During Bauer’s final year of college in the U.S., her father was essentially “blacklisted” from the Philippines, which partially accounts for her not returning home for three decades.
He had hired accountants to manage his business finances, only to discover they had stolen millions from him. To protect his family and pay for his children’s college tuition, he turned to taking loans from friends and loan sharks in the Philippines.
“We were immigrants,” Bauer explained. “We didn’t know that it was normal to apply for financial aid. It was all about saving face.”
But Bauer’s parents incurred so much debt that many of their once-friends turned their backs on them, upset that her father had lost so much money. He was unable to return home because of the social tensions.
“There was just a lot of shame. He just felt so depressed,” she recalled.
While Bauer and her siblings had to work hard and help repay the family debt, they were never resentful; if anything, Bauer is grateful that her father was home more often to spend time together.
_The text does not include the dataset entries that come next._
(* Let $n\in\mathbb{N}$, $H\in\mathbb{R}^{n\times n}$, $W\in\mathbb{R}^{n\times n}$ with $W\succ 0$, let $C=\mathrm{diag}(C_{11},\dots,C_{nn})$ be diagonal with all $C_{ii}\neq 0$, and let $V=\mathrm{diag}(\sigma_1^2,\dots,\sigma_n^2)$ with all $\sigma_i>0$. Assume $(H,C)$ is observable and $(H,D)$ is controllable, where $W=DD^T$. Let $\Sigma$ be the unique positive semidefinite solution of $$\Sigma = H\Sigma H^T - H\Sigma C^T(C\Sigma C^T+V)^{-1}C\Sigma H^T + W ,$$ and let $\overline{\Sigma}:=\Sigma-\Sigma C^T(C\Sigma C^T+V)^{-1}C\Sigma=(C^TV^{-1}C+\Sigma^{-1})^{-1}$. Then $$n\ln\!\left(\frac{\sigma_u^2}{C_u^2+\sigma_u^2\lambda_n(W)^{-1}}\right)\;\le\;\ln\det\overline{\Sigma}\;\le\; n\ln\!\left(\frac{\sigma_l^2}{C_l^2}\right).$$
   Context: $\Sigma$ and $\overline\Sigma$ are the steady-state a priori and a posteriori error covariances of a Kalman filter for $x(k+1)=Hx(k)+w(k)$, $w(k)\sim\mathcal N(0,W)$, with privatized measurements $Cx(k)+v(k)$, $v(k)\sim\mathcal N(0,V)$. For a symmetric matrix $K$, $\lambda_n(K)\le\dots\le\lambda_1(K)$ denote its eigenvalues. Indices: $l:=\arg\min_{1\le i\le n} C_{ii}^2/\sigma_i^2$ and $u:=\arg\max_{1\le i\le n} C_{ii}^2/\sigma_i^2$; $C_l:=C_{ll}$, $C_u:=C_{uu}$, and $\sigma_l,\sigma_u$ are the corresponding $\sigma_i$. *)

theory Defs
  imports "HOL-Analysis.Analysis"
begin

definition symmetric_mat :: "real^'n^'n \<Rightarrow> bool" where
  "symmetric_mat A \<longleftrightarrow> transpose A = A"
lemma norm_A_le:
  "cmod (A u n) \<le> (if d \<le> n then cmod (diag u (n - d)) else 0)
    + cmod (diag u (n + d)) + cmod (diag u n)"
proof -
  have raise: "cmod \<xi> * raise_coeff k l n * cmod (u (n - d))
      \<le> (if d \<le> n then cmod (diag u (n - d)) else 0)"
  proof (cases "d \<le> n")
    case True
    have "cmod \<xi> * raise_coeff k l n \<le> f (n - d) + lam"
      using raise_dominated_shift[OF True] theta_mult_le shifted_pos order_trans less_imp_le
      by metis
    then show ?thesis
      using True shifted_pos by (simp add: diag_def norm_mult mult_right_mono del: of_real_add)
  qed (simp add: raise_coeff_eq_0)
  have lower: "cmod \<xi> * lower_coeff k l n * cmod (u (n + d)) \<le> cmod (diag u (n + d))"
  proof -
    have "cmod \<xi> * lower_coeff k l n \<le> f (n + d) + lam"
      using lower_dominated_shift theta_mult_le shifted_pos order_trans less_imp_le by metis
    then show ?thesis
      using shifted_pos by (simp add: diag_def norm_mult mult_right_mono del: of_real_add)
  qed
  have diagonal: "f n * cmod (u n) \<le> cmod (diag u n)"
    using f_nonneg lam_pos shifted_pos
    by (simp add: diag_def norm_mult mult_right_mono del: of_real_add)
  have "cmod (A u n) \<le> cmod (\<xi> * of_real (raise_coeff k l n) * u (n - d))
      + cmod (cnj \<xi> * of_real (lower_coeff k l n) * u (n + d)) + cmod (of_real (f n) * u n)"
    unfolding A_act_def offdiag_def
    by (rule order_trans[OF norm_triangle_ineq add_right_mono[OF norm_triangle_ineq]])
  also have "\<dots> = cmod \<xi> * raise_coeff k l n * cmod (u (n - d))
      + cmod \<xi> * lower_coeff k l n * cmod (u (n + d)) + f n * cmod (u n)"
    using raise_coeff_nonneg lower_coeff_nonneg f_nonneg by (simp add: norm_mult)
  finally show ?thesis using raise lower diagonal by linarith
qed
lemma R1_P1_ratio_le:
  assumes "2 \<le> d" "1 \<le> B"
  defines "L \<equiv> 2 ^ (d + 1) * sqrt (real (d + 1)) + 1"
  shows "real (card (R1 d B)) / real (card (P1 d B)) \<le> 2 * (real d - 1) * L ^ (d - 2) / B"
proof -
  define c where "c = 2 ^ d * sqrt (real (d + 1))"
  define N where "N = factor_coeff_bound d B"
  have "0 \<le> N"
    using assms(2) by (simp add: N_def factor_coeff_bound_def)
  have "real_of_int N \<le> c * B"
    by (simp add: N_def factor_coeff_bound_def c_def)
  moreover have "L = 2 * c + 1"
    by (simp add: L_def c_def)
  ultimately have "real_of_int (2 * N + 1) \<le> L * B"
    using assms(2) by (simp add: algebra_simps)
  have "real (card (R1 d B)) \<le> real (2 * (d - 1) * nat (2 * N + 1) ^ (d - 2))"
    using card_R1_le[of d B] assms(1) unfolding N_def of_nat_le_iff by simp
  also have "\<dots> = 2 * (real d - 1) * real_of_int (2 * N + 1) ^ (d - 2)"
    using \<open>0 \<le> N\<close> assms(1) by (simp add: of_nat_diff of_nat_nat)
  also have "\<dots> \<le> 2 * (real d - 1) * (L * B) ^ (d - 2)"
    using \<open>real_of_int (2 * N + 1) \<le> L * B\<close> \<open>0 \<le> N\<close> assms(1)
    by (intro mult_left_mono power_mono) auto
  finally have R1: "real (card (R1 d B)) \<le> 2 * (real d - 1) * (L * B) ^ (d - 2)" .
  have "B ^ (d - 1) \<le> real_of_int (2 * \<lfloor>B\<rfloor> + 1) ^ (d - 1)"
    using assms(2) by (intro power_mono) linarith+
  also have "\<dots> = real (card (P1 d B))"
    using card_P1[of d B] assms(1,2) by simp
  finally have P1: "B ^ (d - 1) \<le> real (card (P1 d B))" .
  have "real (card (R1 d B)) / real (card (P1 d B)) \<le> 2 * (real d - 1) * (L * B) ^ (d - 2) / B ^ (d - 1)"
    using R1 P1 assms by (intro frac_le) auto
  also have "\<dots> = 2 * (real d - 1) * L ^ (d - 2) / B"
  proof -
    have "d - 1 = Suc (d - 2)"
      using assms(1) by simp
    then show ?thesis
      using assms(2) by (simp add: power_mult_distrib)
  qed
  finally show ?thesis .
qed

theorem theorem5p1:
  fixes d :: nat
  assumes "d \<ge> 2"
  shows "on_hypersurface (d - 1) (coeff_vec d ` (\<Union>B\<in>{B. B \<ge> 1}. R1 d B))
         \<and> (\<lambda>B. real (card (R1 d B)) / real (card (P1 d B))) \<in> O[at_top](\<lambda>B. 1 / B)"
proof
  show "on_hypersurface (d - 1) (coeff_vec d ` (\<Union>B\<in>{B. B \<ge> 1}. R1 d B))"
    using coeff_vec_R1_on_hypersurface[OF assms] by (rule on_hypersurface_subset) blast
  define C where "C = 2 * (real d - 1) * (2 ^ (d + 1) * sqrt (real (d + 1)) + 1) ^ (d - 2)"
  have "\<forall>\<^sub>F B in at_top. norm (real (card (R1 d B)) / real (card (P1 d B))) \<le> C * norm (1 / B)"
    using eventually_ge_at_top[of "1::real"]
    by eventually_elim (use R1_P1_ratio_le[OF assms] in \<open>simp add: C_def\<close>)
  then show "(\<lambda>B. real (card (R1 d B)) / real (card (P1 d B))) \<in> O[at_top](\<lambda>B. 1 / B)"
    by (rule bigoI)
qed
(* dt_j-component of At(X) = [d_X, nabla_X] = d_X nabla_X - nabla_X d_X *)
definition atiyah :: "nat \<Rightarrow> (nat \<Rightarrow> nat \<Rightarrow> 'r::comm_ring_1) \<Rightarrow> (nat \<Rightarrow> 'r \<Rightarrow> 'r) \<Rightarrow> nat \<Rightarrow> (nat \<Rightarrow> 'r) \<Rightarrow> (nat \<Rightarrow> 'r)" where
  "atiyah N d D j v = (\<lambda>i. matop N d (vecD D j v) i - vecD D j (matop N d v) i)"

(* At(X)^n, trivialised by dt_1 ^ ... ^ dt_n *)
definition atiyah_pow :: "nat \<Rightarrow> (nat \<Rightarrow> nat \<Rightarrow> 'r::comm_ring_1) \<Rightarrow> (nat \<Rightarrow> 'r \<Rightarrow> 'r) \<Rightarrow> nat \<Rightarrow> (nat \<Rightarrow> 'r) \<Rightarrow> (nat \<Rightarrow> 'r)" where
  "atiyah_pow N d D n v = (\<lambda>i. \<Sum>\<tau> | \<tau> permutes {0..<n}.
       of_int (sign \<tau>) * comp_ops (\<lambda>k. atiyah N d D (\<tau> k)) n v i)"

definition dcomm :: "(nat \<Rightarrow> 'r::comm_ring_1 \<Rightarrow> 'r) \<Rightarrow> nat \<Rightarrow> 'r \<Rightarrow> 'r \<Rightarrow> 'r" where
  "dcomm D j r x = D j (r * x) - r * D j x"

(* Res_{R/S} [ s dr_1 ... dr_n / t_1,...,t_n ],  rs = [r_1,...,r_n] *)
definition res_mon :: "('s::comm_ring_1 \<Rightarrow> 'r::comm_ring_1) \<Rightarrow> (nat \<Rightarrow> 'r) \<Rightarrow> nat \<Rightarrow> (nat \<Rightarrow> 'r \<Rightarrow> 'r) \<Rightarrow> 'r \<Rightarrow> 'r list \<Rightarrow> 's" where
  "res_mon \<phi> t n D s rs = (\<Sum>\<tau> | \<tau> permutes {0..<n}.
       of_int (sign \<tau>) * qtrace (\<lambda>a x. \<phi> a * x) UNIV (tideal t n)
          (\<lambda>x. s * comp_ops (\<lambda>k. dcomm D (\<tau> k) (rs ! k)) n x))"

(* Res_{R/S}[ str_R(alpha . d(d_X)^n) / t ], expanding the supertrace of the
   matrix product alpha . d(d_X) ^ ... ^ d(d_X) into monomials
   eps(i0) alpha_{i0 i1} d(d_{i1 i2}) ^ ... ^ d(d_{in i0}) and using S-linearity *)
definition res_str :: "('s::comm_ring_1 \<Rightarrow> 'r::comm_ring_1) \<Rightarrow> (nat \<Rightarrow> 'r) \<Rightarrow> nat \<Rightarrow> (nat \<Rightarrow> 'r \<Rightarrow> 'r)
     \<Rightarrow> nat \<Rightarrow> (nat \<Rightarrow> bool) \<Rightarrow> (nat \<Rightarrow> nat \<Rightarrow> 'r) \<Rightarrow> (nat \<Rightarrow> nat \<Rightarrow> 'r) \<Rightarrow> 's" where
  "res_str \<phi> t n D N deg d \<alpha> =
     (let nx = (\<lambda>k. if k = n then 0 else Suc k) in
      \<Sum>p \<in> {0..n} \<rightarrow>\<^sub>E {0..<N}.
        (if deg (p 0) then -1 else 1) *
        res_mon \<phi> t n D (\<alpha> (p 0) (p (nx 0))) (map (\<lambda>k. d (p k) (p (nx k))) [1..<Suc n]))"

end

theory Submission
  imports Defs "HOL.Modules"
begin

text \<open>
  Entrywise, the Atiyah class acts on \<open>X = R\<^sup>N\<close> as \<open>At\<^sub>j = [d\<^sub>X, \<nabla>\<^sub>j] = -[\<partial>\<^sub>j, d\<^sub>X]\<close>, the operator
  matrix with entries \<open>-[\<partial>\<^sub>j, d\<^sub>i\<^sub>b]\<close>. A product of operator matrices is the operator matrix of
  sums over paths of composites of entries, so the sum of the diagonal entries of
  \<open>G \<circ> \<alpha> \<circ> At\<^sup>n\<close> is \<open>(-1)\<^sup>n\<close> times the sum of the cyclic monomials
  \<open>\<epsilon>(p\<^sub>0) \<alpha>\<^sub>p\<^sub>0\<^sub>p\<^sub>1 [\<partial>, d\<^sub>p\<^sub>1\<^sub>p\<^sub>2] \<cdots> [\<partial>, d\<^sub>p\<^sub>n\<^sub>p\<^sub>0]\<close> that make up \<open>str\<^sub>R(\<alpha> \<cdot> d(d\<^sub>X)\<^sup>n)\<close>.
  The commutators \<open>[\<partial>\<^sub>j, r]\<close> are \<open>S[t]\<close>-linear, hence descend to \<open>R/tR\<close>, and since
  \<open>X/tX = (R/tR)\<^sup>N\<close> the trace of such an operator matrix on \<open>X/tX\<close> is the sum of the traces of
  its diagonal entries on \<open>R/tR\<close> (traces do not depend on the dual basis, so the coordinatewise
  one may be used). \<open>S\<close>-linearity of the trace then produces the residue symbol.
\<close>

section \<open>Composites and path sums\<close>

lemma comp_ops_0 [simp]: "comp_ops ops 0 = id"
  by (simp add: comp_ops_def)

lemma comp_ops_Suc: "comp_ops ops (Suc m) = comp_ops ops m \<circ> ops m"
proof -
  have "foldr (\<circ>) (xs @ [ops m]) id = foldr (\<circ>) xs id \<circ> ops m" for xs :: "('a \<Rightarrow> 'a) list"
    by (induction xs) auto
  then show ?thesis by (simp add: comp_ops_def)
qed

lemma comp_ops_cong: "(\<And>k. k < m \<Longrightarrow> ops k = ops' k) \<Longrightarrow> comp_ops ops m = comp_ops ops' m"
  by (induction m) (auto simp: comp_ops_Suc)

lemma additive_comp_ops: "(\<And>k. k < m \<Longrightarrow> additive (ops k)) \<Longrightarrow> additive (comp_ops ops m)"
  by (induction m) (auto simp: comp_ops_Suc additive_def)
“Parents take care of you and then you take care of [your] parents,” she said in reference to Asian family norms. “Anytime I tell the story, I don’t have any frustrations. It’s just what we did.”
Years later and before his passing, her father eventually patched things up with his family, whom Bauer was able to visit and reunite with during the group’s stop in Manila.
Bauer explained that other interactions on the trip made her think of her father.
She was especially cognizant of her family history while staying at the Stairway Foundation, the youth children’s rights organization that houses, educates, and provides therapy for at-risk or previously incarcerated Filipino street children.
Bauer compared the services offered by the foundation to the opportunities that the business owner provided for her father.
“If the [business owner] didn’t take him under his wing, I wouldn’t be here right now,” Bauer said. “It changed the course of my dad’s life.”
Another experience during the CSL trip that reminded Bauer of her childhood was being surrounded by Tagalog speakers.
The sound of her native language brought back memories of her older sister Candice—the two of them are the only siblings among the four who still speak fluent Tagalog.
Growing up, Bauer was primarily raised by Candice due to the absence of strong parental figures at home. She recalled Candice being the one to care for her three younger siblings, paying bills, and buying groceries.
While she still practices Tagalog with her older sister and mom, Bauer describes feeling “so much pride” when she began hearing Tagalog 24/7. She started thinking in the language about a week into the trip.
“It was like my heart was warming and like it was fluttering every time,” Bauer said. “It just felt like home, and I didn’t realize how much I missed it.”
She continued to rediscover elements of her home country, such as the “smell of Manila,” which she described as “balmy, mixed with pollution.” Or, TV advertisements on the tour bus’ small TV screen in rapidfire Tagalog, which she used to watch as a kid.
As Bauer prepared to leave her home city of Manila and return home to California—she was heartened by the many initiatives for social good she had learned about, the openness in which her students embraced Filipino culture, and the continued local connections Nueva will maintain in the coming years.
Until she returns to the Philippines again, she savors a childhood memory here in California. “When it’s a little cool here in Half Moon Bay or in San Francisco, I say to [my husband], ‘it smells like Baguio!’” she said.